● Data records:
_____

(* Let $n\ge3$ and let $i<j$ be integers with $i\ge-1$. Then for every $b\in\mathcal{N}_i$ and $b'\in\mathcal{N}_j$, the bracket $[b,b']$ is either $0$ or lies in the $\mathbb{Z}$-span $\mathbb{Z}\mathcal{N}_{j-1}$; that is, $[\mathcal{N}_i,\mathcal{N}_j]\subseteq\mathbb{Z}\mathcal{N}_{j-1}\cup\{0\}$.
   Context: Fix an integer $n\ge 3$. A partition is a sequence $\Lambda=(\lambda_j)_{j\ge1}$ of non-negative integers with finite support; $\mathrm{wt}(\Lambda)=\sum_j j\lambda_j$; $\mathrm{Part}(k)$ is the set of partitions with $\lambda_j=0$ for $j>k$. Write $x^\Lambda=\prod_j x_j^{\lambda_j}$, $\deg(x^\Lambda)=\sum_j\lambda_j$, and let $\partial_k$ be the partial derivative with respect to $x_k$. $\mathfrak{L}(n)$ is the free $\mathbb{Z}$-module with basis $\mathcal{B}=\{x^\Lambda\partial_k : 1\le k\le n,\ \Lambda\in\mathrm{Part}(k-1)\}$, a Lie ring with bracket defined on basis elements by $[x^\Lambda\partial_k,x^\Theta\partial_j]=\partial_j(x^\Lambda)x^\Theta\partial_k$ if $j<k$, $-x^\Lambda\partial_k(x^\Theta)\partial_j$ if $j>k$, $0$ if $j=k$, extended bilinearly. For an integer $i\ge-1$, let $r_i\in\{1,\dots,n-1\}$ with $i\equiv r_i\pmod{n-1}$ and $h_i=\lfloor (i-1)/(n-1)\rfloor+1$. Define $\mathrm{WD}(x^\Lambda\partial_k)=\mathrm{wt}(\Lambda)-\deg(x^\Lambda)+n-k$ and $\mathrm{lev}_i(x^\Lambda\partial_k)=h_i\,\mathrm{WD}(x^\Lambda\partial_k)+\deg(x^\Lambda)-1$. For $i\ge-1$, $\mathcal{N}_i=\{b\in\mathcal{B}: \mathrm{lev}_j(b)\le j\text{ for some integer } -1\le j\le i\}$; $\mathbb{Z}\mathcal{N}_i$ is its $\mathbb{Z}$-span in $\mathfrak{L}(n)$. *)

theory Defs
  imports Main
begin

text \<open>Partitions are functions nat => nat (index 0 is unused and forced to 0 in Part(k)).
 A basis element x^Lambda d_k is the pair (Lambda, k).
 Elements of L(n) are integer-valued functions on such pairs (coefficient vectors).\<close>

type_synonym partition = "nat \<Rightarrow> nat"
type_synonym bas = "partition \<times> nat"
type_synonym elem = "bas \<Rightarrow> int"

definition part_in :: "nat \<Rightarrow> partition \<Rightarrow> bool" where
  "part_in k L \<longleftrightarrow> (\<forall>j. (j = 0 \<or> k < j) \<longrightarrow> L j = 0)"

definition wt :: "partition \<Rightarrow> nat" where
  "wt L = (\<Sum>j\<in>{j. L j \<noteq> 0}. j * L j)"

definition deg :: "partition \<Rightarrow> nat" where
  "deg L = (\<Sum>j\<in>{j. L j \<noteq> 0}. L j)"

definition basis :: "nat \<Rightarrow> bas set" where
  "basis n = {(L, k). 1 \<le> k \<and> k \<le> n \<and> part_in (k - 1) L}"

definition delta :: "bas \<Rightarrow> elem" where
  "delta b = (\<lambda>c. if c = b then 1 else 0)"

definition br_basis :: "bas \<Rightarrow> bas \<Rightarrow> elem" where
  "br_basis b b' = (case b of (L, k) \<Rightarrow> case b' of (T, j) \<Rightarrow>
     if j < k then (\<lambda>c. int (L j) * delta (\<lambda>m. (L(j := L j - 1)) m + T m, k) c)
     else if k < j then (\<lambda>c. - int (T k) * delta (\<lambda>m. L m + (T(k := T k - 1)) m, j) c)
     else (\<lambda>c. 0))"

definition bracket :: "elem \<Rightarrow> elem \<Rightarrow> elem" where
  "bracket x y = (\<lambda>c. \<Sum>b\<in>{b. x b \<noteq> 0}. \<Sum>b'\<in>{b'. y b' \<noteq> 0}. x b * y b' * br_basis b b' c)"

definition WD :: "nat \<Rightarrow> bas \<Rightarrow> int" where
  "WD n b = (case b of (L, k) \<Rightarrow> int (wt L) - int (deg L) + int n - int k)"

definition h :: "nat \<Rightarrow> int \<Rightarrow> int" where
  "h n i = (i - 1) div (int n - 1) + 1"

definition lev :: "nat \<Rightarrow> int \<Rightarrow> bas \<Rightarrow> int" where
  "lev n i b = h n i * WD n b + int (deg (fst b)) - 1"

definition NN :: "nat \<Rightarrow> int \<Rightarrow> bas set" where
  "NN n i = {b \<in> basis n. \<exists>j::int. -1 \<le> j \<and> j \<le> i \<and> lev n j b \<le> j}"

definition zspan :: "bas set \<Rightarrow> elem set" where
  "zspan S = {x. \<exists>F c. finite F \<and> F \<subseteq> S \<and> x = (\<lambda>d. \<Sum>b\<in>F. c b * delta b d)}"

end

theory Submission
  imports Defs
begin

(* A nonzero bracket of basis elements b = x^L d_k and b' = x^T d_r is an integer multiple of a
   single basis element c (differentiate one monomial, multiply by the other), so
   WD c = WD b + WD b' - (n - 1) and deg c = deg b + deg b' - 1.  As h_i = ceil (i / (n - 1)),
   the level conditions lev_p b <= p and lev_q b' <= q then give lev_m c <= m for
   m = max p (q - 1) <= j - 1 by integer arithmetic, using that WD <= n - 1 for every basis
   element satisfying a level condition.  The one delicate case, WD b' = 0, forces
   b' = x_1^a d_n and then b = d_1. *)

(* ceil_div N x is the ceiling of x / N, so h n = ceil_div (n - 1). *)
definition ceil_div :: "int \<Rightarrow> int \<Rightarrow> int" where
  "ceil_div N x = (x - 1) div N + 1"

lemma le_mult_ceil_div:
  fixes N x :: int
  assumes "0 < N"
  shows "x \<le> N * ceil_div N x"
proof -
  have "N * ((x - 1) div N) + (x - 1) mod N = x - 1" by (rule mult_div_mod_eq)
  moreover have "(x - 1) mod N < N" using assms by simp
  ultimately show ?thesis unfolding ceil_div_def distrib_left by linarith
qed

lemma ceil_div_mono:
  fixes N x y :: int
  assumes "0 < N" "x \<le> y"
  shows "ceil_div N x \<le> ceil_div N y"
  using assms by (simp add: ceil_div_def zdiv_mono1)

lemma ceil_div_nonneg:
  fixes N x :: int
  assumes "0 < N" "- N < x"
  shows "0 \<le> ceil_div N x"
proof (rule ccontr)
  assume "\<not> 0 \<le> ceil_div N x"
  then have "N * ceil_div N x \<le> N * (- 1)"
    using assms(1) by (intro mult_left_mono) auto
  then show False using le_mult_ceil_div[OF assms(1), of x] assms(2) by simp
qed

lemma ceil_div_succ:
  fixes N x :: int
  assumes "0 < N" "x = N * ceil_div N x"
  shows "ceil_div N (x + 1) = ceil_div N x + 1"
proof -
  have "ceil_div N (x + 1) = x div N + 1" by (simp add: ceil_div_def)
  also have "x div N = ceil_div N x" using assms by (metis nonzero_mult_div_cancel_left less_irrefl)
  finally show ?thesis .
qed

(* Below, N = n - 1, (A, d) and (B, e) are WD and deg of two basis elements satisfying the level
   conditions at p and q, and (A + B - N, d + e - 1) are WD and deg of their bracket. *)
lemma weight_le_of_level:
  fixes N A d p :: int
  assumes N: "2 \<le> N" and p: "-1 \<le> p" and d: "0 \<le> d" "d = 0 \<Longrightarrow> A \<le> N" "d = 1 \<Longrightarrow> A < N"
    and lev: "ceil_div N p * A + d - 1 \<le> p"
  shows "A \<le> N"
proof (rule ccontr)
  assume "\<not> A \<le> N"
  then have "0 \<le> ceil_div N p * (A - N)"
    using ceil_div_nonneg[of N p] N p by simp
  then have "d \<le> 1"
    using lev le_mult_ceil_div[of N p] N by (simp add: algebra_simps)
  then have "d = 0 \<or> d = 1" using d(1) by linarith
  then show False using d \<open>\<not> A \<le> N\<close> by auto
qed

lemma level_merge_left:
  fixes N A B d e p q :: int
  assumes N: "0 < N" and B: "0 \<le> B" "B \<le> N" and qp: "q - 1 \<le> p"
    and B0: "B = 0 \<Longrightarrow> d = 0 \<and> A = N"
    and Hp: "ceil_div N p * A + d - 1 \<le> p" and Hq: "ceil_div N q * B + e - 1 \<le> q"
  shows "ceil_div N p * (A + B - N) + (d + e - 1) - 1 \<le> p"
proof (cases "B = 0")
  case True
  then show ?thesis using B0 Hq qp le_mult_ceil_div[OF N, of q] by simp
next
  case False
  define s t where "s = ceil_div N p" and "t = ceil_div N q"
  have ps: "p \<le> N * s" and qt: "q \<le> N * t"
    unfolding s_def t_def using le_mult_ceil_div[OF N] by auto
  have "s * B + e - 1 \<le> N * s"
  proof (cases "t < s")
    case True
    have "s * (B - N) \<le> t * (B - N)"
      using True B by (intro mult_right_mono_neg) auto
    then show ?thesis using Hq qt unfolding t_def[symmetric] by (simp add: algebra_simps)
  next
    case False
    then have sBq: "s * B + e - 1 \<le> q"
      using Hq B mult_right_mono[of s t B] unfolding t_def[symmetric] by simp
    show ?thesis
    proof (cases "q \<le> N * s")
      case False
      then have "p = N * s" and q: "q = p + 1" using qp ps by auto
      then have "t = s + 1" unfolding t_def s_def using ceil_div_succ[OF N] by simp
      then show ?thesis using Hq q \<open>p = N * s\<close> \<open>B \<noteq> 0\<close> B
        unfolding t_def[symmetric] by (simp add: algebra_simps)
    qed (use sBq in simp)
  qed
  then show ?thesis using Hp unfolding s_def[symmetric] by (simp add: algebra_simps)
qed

_____

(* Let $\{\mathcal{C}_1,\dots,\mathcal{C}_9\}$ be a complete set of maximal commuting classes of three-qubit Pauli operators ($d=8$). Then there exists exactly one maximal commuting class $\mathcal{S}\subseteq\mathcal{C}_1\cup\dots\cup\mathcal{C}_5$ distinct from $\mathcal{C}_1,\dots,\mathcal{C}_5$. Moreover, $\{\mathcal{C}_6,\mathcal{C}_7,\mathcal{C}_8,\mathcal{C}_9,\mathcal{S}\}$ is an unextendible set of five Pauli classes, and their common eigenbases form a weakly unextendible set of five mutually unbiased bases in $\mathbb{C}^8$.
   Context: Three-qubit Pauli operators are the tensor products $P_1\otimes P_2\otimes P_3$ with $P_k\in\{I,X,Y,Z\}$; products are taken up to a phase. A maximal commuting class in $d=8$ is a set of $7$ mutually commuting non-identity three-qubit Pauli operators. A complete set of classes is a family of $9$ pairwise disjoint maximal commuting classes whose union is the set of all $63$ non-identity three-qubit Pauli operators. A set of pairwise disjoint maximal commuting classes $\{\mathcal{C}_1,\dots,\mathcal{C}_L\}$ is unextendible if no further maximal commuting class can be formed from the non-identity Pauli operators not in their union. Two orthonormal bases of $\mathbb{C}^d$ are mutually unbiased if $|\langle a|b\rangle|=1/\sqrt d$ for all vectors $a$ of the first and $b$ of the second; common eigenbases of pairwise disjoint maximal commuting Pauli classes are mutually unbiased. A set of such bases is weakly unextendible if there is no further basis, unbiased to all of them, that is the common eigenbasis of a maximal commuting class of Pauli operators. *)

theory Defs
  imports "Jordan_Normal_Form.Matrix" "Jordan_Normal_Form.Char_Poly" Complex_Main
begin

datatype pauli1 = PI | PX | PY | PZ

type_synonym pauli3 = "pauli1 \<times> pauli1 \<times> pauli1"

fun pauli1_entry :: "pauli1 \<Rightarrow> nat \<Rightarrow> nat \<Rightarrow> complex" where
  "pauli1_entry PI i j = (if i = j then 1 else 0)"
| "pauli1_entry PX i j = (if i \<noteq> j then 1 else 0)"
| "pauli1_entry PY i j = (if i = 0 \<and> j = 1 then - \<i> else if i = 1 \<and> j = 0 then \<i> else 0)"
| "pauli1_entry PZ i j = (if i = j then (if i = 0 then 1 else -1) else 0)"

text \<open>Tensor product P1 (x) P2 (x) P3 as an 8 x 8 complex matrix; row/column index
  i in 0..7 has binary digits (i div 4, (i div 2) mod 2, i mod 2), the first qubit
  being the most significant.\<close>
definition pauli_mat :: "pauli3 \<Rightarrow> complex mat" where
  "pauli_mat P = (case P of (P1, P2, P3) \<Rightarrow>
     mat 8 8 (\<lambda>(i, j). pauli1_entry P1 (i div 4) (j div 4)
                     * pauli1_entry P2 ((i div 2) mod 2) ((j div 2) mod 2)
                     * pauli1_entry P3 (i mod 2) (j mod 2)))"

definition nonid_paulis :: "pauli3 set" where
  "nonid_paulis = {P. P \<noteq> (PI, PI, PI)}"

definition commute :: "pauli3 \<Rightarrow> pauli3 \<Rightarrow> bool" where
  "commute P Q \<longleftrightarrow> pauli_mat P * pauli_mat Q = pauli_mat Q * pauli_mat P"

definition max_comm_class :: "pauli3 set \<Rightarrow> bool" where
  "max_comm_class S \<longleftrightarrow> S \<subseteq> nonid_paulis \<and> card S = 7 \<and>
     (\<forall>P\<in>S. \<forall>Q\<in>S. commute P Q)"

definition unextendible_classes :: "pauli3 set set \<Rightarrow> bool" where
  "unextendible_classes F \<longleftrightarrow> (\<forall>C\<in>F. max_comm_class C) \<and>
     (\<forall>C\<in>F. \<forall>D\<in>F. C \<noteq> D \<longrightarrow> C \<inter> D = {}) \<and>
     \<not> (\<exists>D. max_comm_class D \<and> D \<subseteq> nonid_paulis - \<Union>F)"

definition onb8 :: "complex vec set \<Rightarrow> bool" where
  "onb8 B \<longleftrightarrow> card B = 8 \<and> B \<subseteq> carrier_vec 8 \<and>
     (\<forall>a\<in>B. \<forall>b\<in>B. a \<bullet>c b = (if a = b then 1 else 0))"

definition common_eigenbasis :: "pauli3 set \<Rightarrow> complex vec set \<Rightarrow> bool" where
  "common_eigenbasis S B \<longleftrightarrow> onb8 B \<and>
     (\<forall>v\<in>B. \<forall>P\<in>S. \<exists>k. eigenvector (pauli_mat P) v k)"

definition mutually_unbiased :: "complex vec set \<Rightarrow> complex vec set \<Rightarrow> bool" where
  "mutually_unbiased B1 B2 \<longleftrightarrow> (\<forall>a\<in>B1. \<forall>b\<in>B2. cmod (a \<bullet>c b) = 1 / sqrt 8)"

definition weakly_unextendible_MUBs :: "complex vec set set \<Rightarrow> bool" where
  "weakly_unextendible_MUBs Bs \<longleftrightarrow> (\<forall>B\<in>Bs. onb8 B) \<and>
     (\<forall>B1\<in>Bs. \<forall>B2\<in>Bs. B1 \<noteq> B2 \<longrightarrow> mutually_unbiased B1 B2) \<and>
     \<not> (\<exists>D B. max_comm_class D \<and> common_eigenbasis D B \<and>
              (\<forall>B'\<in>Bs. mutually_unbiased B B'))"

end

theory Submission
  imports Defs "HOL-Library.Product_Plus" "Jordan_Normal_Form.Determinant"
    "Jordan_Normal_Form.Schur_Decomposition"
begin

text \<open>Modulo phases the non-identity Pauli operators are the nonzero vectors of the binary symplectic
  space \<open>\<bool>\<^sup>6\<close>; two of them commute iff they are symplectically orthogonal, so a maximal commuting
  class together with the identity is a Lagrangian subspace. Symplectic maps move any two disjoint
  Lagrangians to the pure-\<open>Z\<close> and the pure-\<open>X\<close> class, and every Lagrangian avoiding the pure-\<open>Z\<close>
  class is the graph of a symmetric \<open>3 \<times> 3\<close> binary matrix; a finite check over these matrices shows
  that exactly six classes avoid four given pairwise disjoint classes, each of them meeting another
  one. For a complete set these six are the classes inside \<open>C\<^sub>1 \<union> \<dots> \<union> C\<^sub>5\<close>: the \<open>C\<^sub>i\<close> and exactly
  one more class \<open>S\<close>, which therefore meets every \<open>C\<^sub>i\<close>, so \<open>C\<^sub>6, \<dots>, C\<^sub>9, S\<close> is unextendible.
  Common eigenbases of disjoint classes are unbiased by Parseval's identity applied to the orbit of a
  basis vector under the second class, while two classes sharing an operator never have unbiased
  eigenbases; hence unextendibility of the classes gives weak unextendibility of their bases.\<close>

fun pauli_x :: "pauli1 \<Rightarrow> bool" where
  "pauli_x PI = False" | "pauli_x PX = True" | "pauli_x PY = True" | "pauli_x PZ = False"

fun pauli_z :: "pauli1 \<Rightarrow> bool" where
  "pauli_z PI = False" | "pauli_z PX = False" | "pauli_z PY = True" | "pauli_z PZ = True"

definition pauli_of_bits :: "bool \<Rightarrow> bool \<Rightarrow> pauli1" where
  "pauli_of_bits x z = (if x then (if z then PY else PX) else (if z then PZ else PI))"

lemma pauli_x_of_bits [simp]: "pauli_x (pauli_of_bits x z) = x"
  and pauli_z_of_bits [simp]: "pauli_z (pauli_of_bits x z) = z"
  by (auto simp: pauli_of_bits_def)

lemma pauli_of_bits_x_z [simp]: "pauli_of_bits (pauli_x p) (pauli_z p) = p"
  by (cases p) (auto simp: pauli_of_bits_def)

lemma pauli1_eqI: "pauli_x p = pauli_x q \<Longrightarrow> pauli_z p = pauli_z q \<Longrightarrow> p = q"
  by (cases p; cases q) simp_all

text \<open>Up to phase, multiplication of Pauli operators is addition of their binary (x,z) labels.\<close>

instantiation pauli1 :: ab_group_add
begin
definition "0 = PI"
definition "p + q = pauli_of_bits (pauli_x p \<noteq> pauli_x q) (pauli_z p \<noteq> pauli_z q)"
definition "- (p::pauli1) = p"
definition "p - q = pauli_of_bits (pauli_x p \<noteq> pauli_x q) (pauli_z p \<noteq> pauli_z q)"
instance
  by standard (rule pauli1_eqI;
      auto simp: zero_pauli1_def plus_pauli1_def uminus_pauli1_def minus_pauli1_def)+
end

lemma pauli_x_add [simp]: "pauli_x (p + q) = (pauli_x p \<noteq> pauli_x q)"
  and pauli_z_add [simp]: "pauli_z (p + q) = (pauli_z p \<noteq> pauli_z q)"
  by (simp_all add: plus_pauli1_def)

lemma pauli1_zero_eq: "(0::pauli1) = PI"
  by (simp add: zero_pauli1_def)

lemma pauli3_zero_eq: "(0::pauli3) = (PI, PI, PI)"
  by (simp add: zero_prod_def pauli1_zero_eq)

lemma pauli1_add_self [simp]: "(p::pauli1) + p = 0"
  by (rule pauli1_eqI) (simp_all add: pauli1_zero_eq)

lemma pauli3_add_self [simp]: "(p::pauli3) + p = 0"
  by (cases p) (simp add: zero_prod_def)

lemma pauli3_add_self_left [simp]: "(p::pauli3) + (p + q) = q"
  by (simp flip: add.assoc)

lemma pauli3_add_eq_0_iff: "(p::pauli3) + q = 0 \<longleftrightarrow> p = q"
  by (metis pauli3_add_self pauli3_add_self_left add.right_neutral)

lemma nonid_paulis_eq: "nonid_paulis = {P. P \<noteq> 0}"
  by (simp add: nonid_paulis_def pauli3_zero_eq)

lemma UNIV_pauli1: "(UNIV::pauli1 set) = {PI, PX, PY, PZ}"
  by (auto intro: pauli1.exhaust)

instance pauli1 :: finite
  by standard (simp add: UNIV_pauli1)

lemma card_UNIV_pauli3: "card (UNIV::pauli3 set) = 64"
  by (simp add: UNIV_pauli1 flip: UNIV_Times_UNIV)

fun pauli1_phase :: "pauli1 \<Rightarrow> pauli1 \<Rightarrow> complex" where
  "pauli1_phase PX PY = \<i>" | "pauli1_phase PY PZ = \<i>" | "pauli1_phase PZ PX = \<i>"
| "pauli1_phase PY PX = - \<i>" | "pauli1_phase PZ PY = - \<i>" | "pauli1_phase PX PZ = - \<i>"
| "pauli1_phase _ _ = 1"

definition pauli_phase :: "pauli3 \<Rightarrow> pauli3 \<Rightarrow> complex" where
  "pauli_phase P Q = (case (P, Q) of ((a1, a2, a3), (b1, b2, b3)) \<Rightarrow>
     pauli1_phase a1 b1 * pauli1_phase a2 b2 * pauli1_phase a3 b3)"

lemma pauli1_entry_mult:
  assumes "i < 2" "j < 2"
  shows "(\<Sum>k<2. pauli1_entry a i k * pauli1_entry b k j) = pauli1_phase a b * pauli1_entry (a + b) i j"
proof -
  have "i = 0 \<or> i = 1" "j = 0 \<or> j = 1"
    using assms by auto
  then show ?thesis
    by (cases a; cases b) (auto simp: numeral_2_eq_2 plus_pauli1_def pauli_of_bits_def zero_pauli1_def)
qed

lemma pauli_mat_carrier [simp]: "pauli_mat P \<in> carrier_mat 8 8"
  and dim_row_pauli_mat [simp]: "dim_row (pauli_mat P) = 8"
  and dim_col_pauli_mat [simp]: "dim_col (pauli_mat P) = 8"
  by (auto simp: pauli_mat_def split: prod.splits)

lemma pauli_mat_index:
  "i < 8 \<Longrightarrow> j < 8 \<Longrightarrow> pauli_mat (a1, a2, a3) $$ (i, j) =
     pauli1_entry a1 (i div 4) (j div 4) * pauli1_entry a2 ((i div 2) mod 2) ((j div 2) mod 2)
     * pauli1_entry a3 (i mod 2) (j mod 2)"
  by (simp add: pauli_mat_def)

_____

Respond with only the number of lines in the records that include the word "flip".

2